Todo lo que sabía sobre Sam el Gordo no bastó para proporcionar ni el menor motivo por el que se pudiese suponer que había muerto. Le había conocido en un bar donde ella había trabajado de camarera cinco años atrás, y había vivido con él desde entonces. Era un individuo alegre que disfrutaba con su licor y sus bromas y que había congeniado con ella a la perfección. Durante los tres últimos años, ella no había trabajado; él ganaba suficiente para los dos.
Se le ocurrió a Brock que aquella mujer realizaba alguna actividad paralela, pero dudaba entre que Sam el Gordo lo hubiera sabido y le hubiera importado.
Parecía segura de que Sam el Gordo no había andado metido en ningún lío que le hubiera podido causar la muerte; en primer lugar, era demasiado holgazán, y en segundo no le interesaba la propiedad ajena. Por lo que ella sabía, Sam había ganado algún dinero en las apuestas varias veces, una de ellas lo suficiente para comprar un coche, pero siempre lo había derrochado en bebida y juergas. A menudo le había confiado que cuando se muriera no quería dejar nada tras de sí para que otro lo disfrutase.

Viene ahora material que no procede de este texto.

lemma near_linear_zb_embedding:
  assumes "near_linear_zb V' W' E'"
    and "G ` V \<subseteq> V'" "H ` W \<subseteq> W'" "inj_on G V" "inj_on H W"
    and "\<And>v w. v \<in> V \<Longrightarrow> w \<in> W \<Longrightarrow> E v w \<longleftrightarrow> E' (G v) (H w)"
  shows "near_linear_zb V W E"
  unfolding near_linear_zb_def
proof (intro allI impI)
  fix m :: nat and \<epsilon> :: real
  assume "\<epsilon> > 0"
  then obtain c where "c > 0" and bound: "\<And>A B. finite A \<and> A \<subseteq> V' \<and> finite B \<and> B \<subseteq> W' \<and>
      K_free A B E' m m \<Longrightarrow> real (card (edges A B E')) \<le> c * real (card A + card B) powr (1 + \<epsilon>)"
    using assms(1) unfolding near_linear_zb_def by blast
  have "real (card (edges A B E)) \<le> c * real (card A + card B) powr (1 + \<epsilon>)"
    if "finite A \<and> A \<subseteq> V \<and> finite B \<and> B \<subseteq> W \<and> K_free A B E m m" for A B
  proof -
    have inj: "inj_on G A" "inj_on H B"
      using that assms(4,5) inj_on_subset by blast+
    have edge: "\<And>v w. v \<in> A \<Longrightarrow> w \<in> B \<Longrightarrow> E v w \<longleftrightarrow> E' (G v) (H w)"
      using that assms(6) by blast
    have "K_free (G ` A) (H ` B) E' m m"
      using K_free_image inj edge that by blast
    then have "real (card (edges (G ` A) (H ` B) E')) \<le> c * real (card (G ` A) + card (H ` B)) powr (1 + \<epsilon>)"
      using that assms(2,3) by (intro bound) blast
    moreover have "card (edges (G ` A) (H ` B) E') = card (edges A B E)"
      using card_edges_image inj edge by blast
    ultimately show ?thesis
      using inj by (simp add: card_image)
  qed
  with \<open>c > 0\<close> show "\<exists>c>0. \<forall>A B. finite A \<and> A \<subseteq> V \<and> finite B \<and> B \<subseteq> W \<and> K_free A B E m m \<longrightarrow>
      real (card (edges A B E)) \<le> c * real (card A + card B) powr (1 + \<epsilon>)"
    by blast
qed

lemma inj_trace_of_diagonal:
  assumes diag: "{[x, x] | x. True} = {as \<in> tuples 2. map (\<lambda>j. f j (as ! i j)) [0..<n] \<in> Y}"
    and i: "\<forall>j<n. i j < 2"
  shows "inj (\<lambda>x. map (\<lambda>j. f j x) [0..<n])"
proof (rule injI)
  fix x y
  assume "map (\<lambda>j. f j x) [0..<n] = map (\<lambda>j. f j y) [0..<n]"
  then have fxy: "f j x = f j y" if "j < n" for j
    using that map_eq_conv by fastforce
  have "map (\<lambda>j. f j ([x, y] ! i j)) [0..<n] = map (\<lambda>j. f j ([x, x] ! i j)) [0..<n]"
  proof (rule map_cong[OF refl])
    fix j
    assume "j \<in> set [0..<n]"
    then have "j < n" "i j = 0 \<or> i j = 1"
      using i by auto
    then show "f j ([x, y] ! i j) = f j ([x, x] ! i j)"
      using fxy by auto
  qed
  also have "\<dots> \<in> Y"
    using diag by blast
  finally have "[x, y] \<in> {[x, x] | x. True}"
    unfolding diag by (simp add: tuples_def)
  then show "x = y" by simp
qed

lemma concat_map_eq_imp_eq:
  assumes "\<And>x. length (e x) = c" "inj e" "length u = length v"
    and "concat (map e u) = concat (map e v)"
  shows "u = v"
  using assms(3,4)
proof (induction u v rule: list_induct2)
  case (Cons x xs y ys)
  then have "e x = e y \<and> concat (map e xs) = concat (map e ys)"
    by (simp add: append_eq_append_conv assms(1))
  then show ?case
    using Cons.IH assms(2) by (simp add: inj_eq)
qed simp

lemma near_linear_zb_trace_graph:
  fixes f :: "nat \<Rightarrow> 'a \<Rightarrow> 'b" and e :: "'a \<Rightarrow> 'b list"
  assumes DN: "is_structure DN" "struct_near_linear_zb DN"
    and Y: "Y \<in> DN n" and i: "\<forall>j<n. i j < k + l"
    and e: "\<And>x. length (e x) = c" "inj e"
    and V: "V \<subseteq> tuples k" and W: "W \<subseteq> tuples l"
  shows "near_linear_zb V W
           (\<lambda>v w. v @ w \<in> {as \<in> tuples (k + l). map (\<lambda>j. f j (as ! i j)) [0..<n] \<in> Y})"
proof -
  define p where "p = n + k * c"
  define q where "q = n + l * c"
  define G where "G v = map (\<lambda>j. f j (v ! i j)) [0..<n] @ concat (map e v)" for v
  define H where "H w = map (\<lambda>j. f j (w ! (i j - k))) [0..<n] @ concat (map e w)" for w
  \<comment> \<open>The entries of G v with i j \<ge> k, and of H w with i j < k, are junk; \<sigma> never reads them.\<close>
  define \<sigma> where "\<sigma> j = (if i j < k then j else p + j)" for j
  define E' where "E' = {ys \<in> tuples (p + q). map (\<lambda>j. ys ! \<sigma> j) [0..<n] \<in> Y}"
  have length_code: "length (concat (map e xs)) = length xs * c" for xs
    using e(1) by (induction xs) auto
  have "E' \<in> DN (p + q)"
    unfolding E'_def using DN(1) Y by (rule is_structure_reindex) (auto simp: \<sigma>_def p_def q_def)
  then have "near_linear_zb (tuples p) (tuples q) (\<lambda>v w. v @ w \<in> E')"
    using DN is_structure_tuples unfolding struct_near_linear_zb_def by blast
  moreover have "G ` V \<subseteq> tuples p" "H ` W \<subseteq> tuples q"
    using V W by (auto simp: G_def H_def p_def q_def tuples_def length_code)
  moreover have "inj_on G V"
  proof (rule inj_onI)
    fix v v'
    assume "v \<in> V" "v' \<in> V" "G v = G v'"
    then have "length v = length v'" "concat (map e v) = concat (map e v')"
      using V by (auto simp: G_def tuples_def subset_iff)
    then show "v = v'"
      by (rule concat_map_eq_imp_eq[OF e])
  qed
  moreover have "inj_on H W"
  proof (rule inj_onI)
    fix w w'
    assume "w \<in> W" "w' \<in> W" "H w = H w'"
    then have "length w = length w'" "concat (map e w) = concat (map e w')"
      using W by (auto simp: H_def tuples_def subset_iff)
    then show "w = w'"
      by (rule concat_map_eq_imp_eq[OF e])
  qed
  moreover have "v @ w \<in> {as \<in> tuples (k + l). map (\<lambda>j. f j (as ! i j)) [0..<n] \<in> Y}
      \<longleftrightarrow> G v @ H w \<in> E'" if "v \<in> V" "w \<in> W" for v w
  proof -
    have len: "length v = k" "length w = l"
      using that V W by (auto simp: tuples_def)
    have trace: "map (\<lambda>j. (G v @ H w) ! \<sigma> j) [0..<n] = map (\<lambda>j. f j ((v @ w) ! i j)) [0..<n]"
    proof (rule map_cong[OF refl])
      fix j
      assume "j \<in> set [0..<n]"
      then show "(G v @ H w) ! \<sigma> j = f j ((v @ w) ! i j)"
        using len by (cases "i j < k") (simp_all add: \<sigma>_def p_def G_def H_def nth_append length_code)
    qed
    have "v @ w \<in> tuples (k + l)" "G v @ H w \<in> tuples (p + q)"
      using len by (auto simp: tuples_def G_def H_def p_def q_def length_code)
    then show ?thesis
      unfolding E'_def by (simp only: mem_Collect_eq trace simp_thms)
  qed
  ultimately show ?thesis
    by (rule near_linear_zb_embedding)
qed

—¿Robaba a la compañía? —preguntó el sargento, sólo por preguntarle algo.
—No tanto como para que le importase a nadie. De vez en cuando traía a casa un poco de comida, huesos de jamón y restos de asados que estaban destinados al cubo de la basura. Por supuesto que aquello iba contra las normas, pero si se hubiera sospechado de él en este sentido nadie habría hecho el menor comentario.
El sargento retrató en su interior la figura de un negro amoral, con sus pequeñas sisas, el estereotipo habitual. Ella tampoco era distinta. Aunque no se dio cuenta de que aquélla era la razón por la que se sentía cómodo con ella.

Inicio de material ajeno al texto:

lemma bell_binomial_Suc:
  "bell_binomial (Suc m) x =
     (\<Sum>i\<le>m. int (m choose i) * conv (xi_coprod_gen (Suc i)) (bell_binomial (m - i)) x)"
proof -
  have "bell_binomial (Suc m) x =
      (\<Sum>a\<le>m. int (m choose a) * tensor (bell (Suc a)) (bell (m - a)) x) +
      (\<Sum>a\<le>m. int (m choose a) * tensor (bell a) (bell (Suc m - a)) x)"
    unfolding bell_binomial_def
    using sum_choose_Suc_split[of m "\<lambda>a. tensor (bell a) (bell (Suc m - a)) x"] by simp
  also have "\<dots> = (\<Sum>i\<le>m. int (m choose i) * conv (xi_coprod_gen (Suc i)) (bell_binomial (m - i)) x)"
    unfolding sum_tensor_bell_Suc_left sum_tensor_bell_Suc_right
    by (simp add: bell_binomial_def conv_sum_right conv_xi_coprod_gen sum_distrib_left
        distrib_left sum.distrib mult.assoc add.commute)
  finally show ?thesis .
qed

lemma Delta_Xi_bell: "Delta_Xi (bell n) = bell_binomial n"
proof (induction n rule: less_induct)
  case (less n)
  show ?case
  proof (cases n)
    case 0
    then show ?thesis
      by (intro ext) (simp add: bell_binomial_def Delta_Xi_free_hom free_hom_one tensor_delta
                                zero_prod_def zero_list_Nil)
  next
    case (Suc m)
    show ?thesis
    proof
      fix x
      have "Delta_Xi (bell n) x =
          (\<Sum>i\<le>m. int (m choose i) * Delta_Xi (conv (delta [Suc i]) (bell (m - i))) x)"
        unfolding Suc bell.simps Delta_Xi_free_hom free_hom_def
        by (rule lin_ext_sum) (simp_all add: fin_supp_conv supp_delta)
      also have "\<dots> = (\<Sum>i\<le>m. int (m choose i) * conv (xi_coprod_gen (Suc i)) (bell_binomial (m - i)) x)"
        by (intro sum.cong refl)
           (simp add: Delta_Xi_free_hom free_hom_conv supp_delta free_hom_letter
                 less[unfolded Delta_Xi_free_hom] Suc)
      finally show "Delta_Xi (bell n) x = bell_binomial n x"
        by (simp add: Suc bell_binomial_Suc)
    qed
  qed
qed

lemma tensor_word_prod_bell_w_elt:
  "lin_ext (tensor_word_prod bell) (tensor (w_elt k) (w_elt l)) = tensor (bell k) (bell l)"
  by (cases k; cases l) (simp_all add: w_elt_delta tensor_delta tensor_word_prod_def zero_list_Nil)

lemma t_map_bell_w_coprod_gen: "lin_ext (tensor_word_prod bell) (w_coprod_gen n) = bell_binomial n"
proof
  fix x
  have "lin_ext (tensor_word_prod bell) (w_coprod_gen n) x =
      (\<Sum>k\<le>n. int (n choose k) * lin_ext (tensor_word_prod bell) (tensor (w_elt k) (w_elt (n - k))) x)"
    unfolding w_coprod_gen_def by (rule lin_ext_sum) (auto intro!: fin_supp_tensor)
  then show "lin_ext (tensor_word_prod bell) (w_coprod_gen n) x = bell_binomial n x"
    by (simp add: bell_binomial_def tensor_word_prod_bell_w_elt)
qed

lemma free_hom_bell_coprod:
  assumes "fin_supp p"
  shows "t_map (free_hom bell) (Delta_W p) = Delta_Xi (free_hom bell p)"
proof -
  have "t_map (free_hom bell) (Delta_W p) =
      free_hom (\<lambda>n. lin_ext (tensor_word_prod bell) (w_coprod_gen n)) p"
    unfolding t_map_free_hom Delta_W_free_hom
    by (rule lin_ext_free_hom) (simp_all add: assms tensor_word_prod_zero tensor_word_prod_plus)
  also have "\<dots> = free_hom (\<lambda>n. Delta_Xi (bell n)) p"
    by (simp add: t_map_bell_w_coprod_gen Delta_Xi_bell)
  also have "\<dots> = Delta_Xi (free_hom bell p)"
    unfolding Delta_Xi_free_hom by (rule free_hom_free_hom[symmetric]) (simp_all add: assms)
  finally show ?thesis .
qed

theorem mainTheorem11:
  shows "\<exists>f. graded_hopf_iso f"
proof -
  have bell_pos_words: "supp (bell a) \<subseteq> pos_words" for a
    using supp_bell pos_words_deg_subset by blast
  have bij: "bij_betw (free_hom bell) NC NC"
  proof (rule bij_betw_byWitness[where f' = "free_hom bell_inv"])
    show "\<forall>p\<in>NC. free_hom bell_inv (free_hom bell p) = p"
      by (auto intro: free_hom_inverse_NC simp: free_hom_bell_inv_bell w_elt_delta)
    show "\<forall>p\<in>NC. free_hom bell (free_hom bell_inv p) = p"
      by (auto intro: free_hom_inverse_NC simp: free_hom_bell_bell_inv)
    show "free_hom bell ` NC \<subseteq> NC" "free_hom bell_inv ` NC \<subseteq> NC"
      using free_hom_NC[of bell] free_hom_NC[of bell_inv] bell_pos_words supp_bell_inv by auto
  qed
  have add: "\<forall>p\<in>NC. \<forall>q\<in>NC. free_hom bell (nc_add p q) = nc_add (free_hom bell p) (free_hom bell q)"
    by (auto simp: NC_iff nc_add_def free_hom_def lin_ext_add)
  have mult: "\<forall>p\<in>NC. \<forall>q\<in>NC. free_hom bell (nc_mult p q) = nc_mult (free_hom bell p) (free_hom bell q)"
    by (auto simp: NC_iff nc_mult_conv free_hom_conv)
  show ?thesis
    unfolding graded_hopf_iso_def
    using bij add mult free_hom_homogeneous[OF supp_bell] free_hom_bell_coprod
      free_hom_counit[OF supp_bell]
    by (auto simp: NC_iff nc_one_delta free_hom_one zero_list_Nil)
qed

end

Cuando se levantó para irse, dijo:
—Bueno, gracias, Gussie.
—Espero haberle sido de alguna utilidad.
—De mucha utilidad —mintió el sargento—. ¿Querría venir al depósito e identificar el cadáver, o tenía parientes que querrán hacerlo?
—Iré yo. Si tenía parientes aún estoy por saberlo.
Se dirigió a continuación al bloque de viviendas de la esquina de la 149 con Broadway, donde vivía Jimmy Johnson, el mozo herido. Estacionó el coche ante la puerta, en la Calle 149.
Era un edificio de seis pisos, de ladrillo color claro y en razonable buen estado. Una mirada fue suficiente para informarle de que los negros no lo habían ocupado durante mucho tiempo. Las escaleras delanteras y el suelo embaldosado del portal estaban limpios y los cristales de la fachada todos relucientes y en su sitio. Pero una pintada deslucía ya las paredes de gris claro y en la puerta del ascensor habían dibujado unos enormes genitales masculinos.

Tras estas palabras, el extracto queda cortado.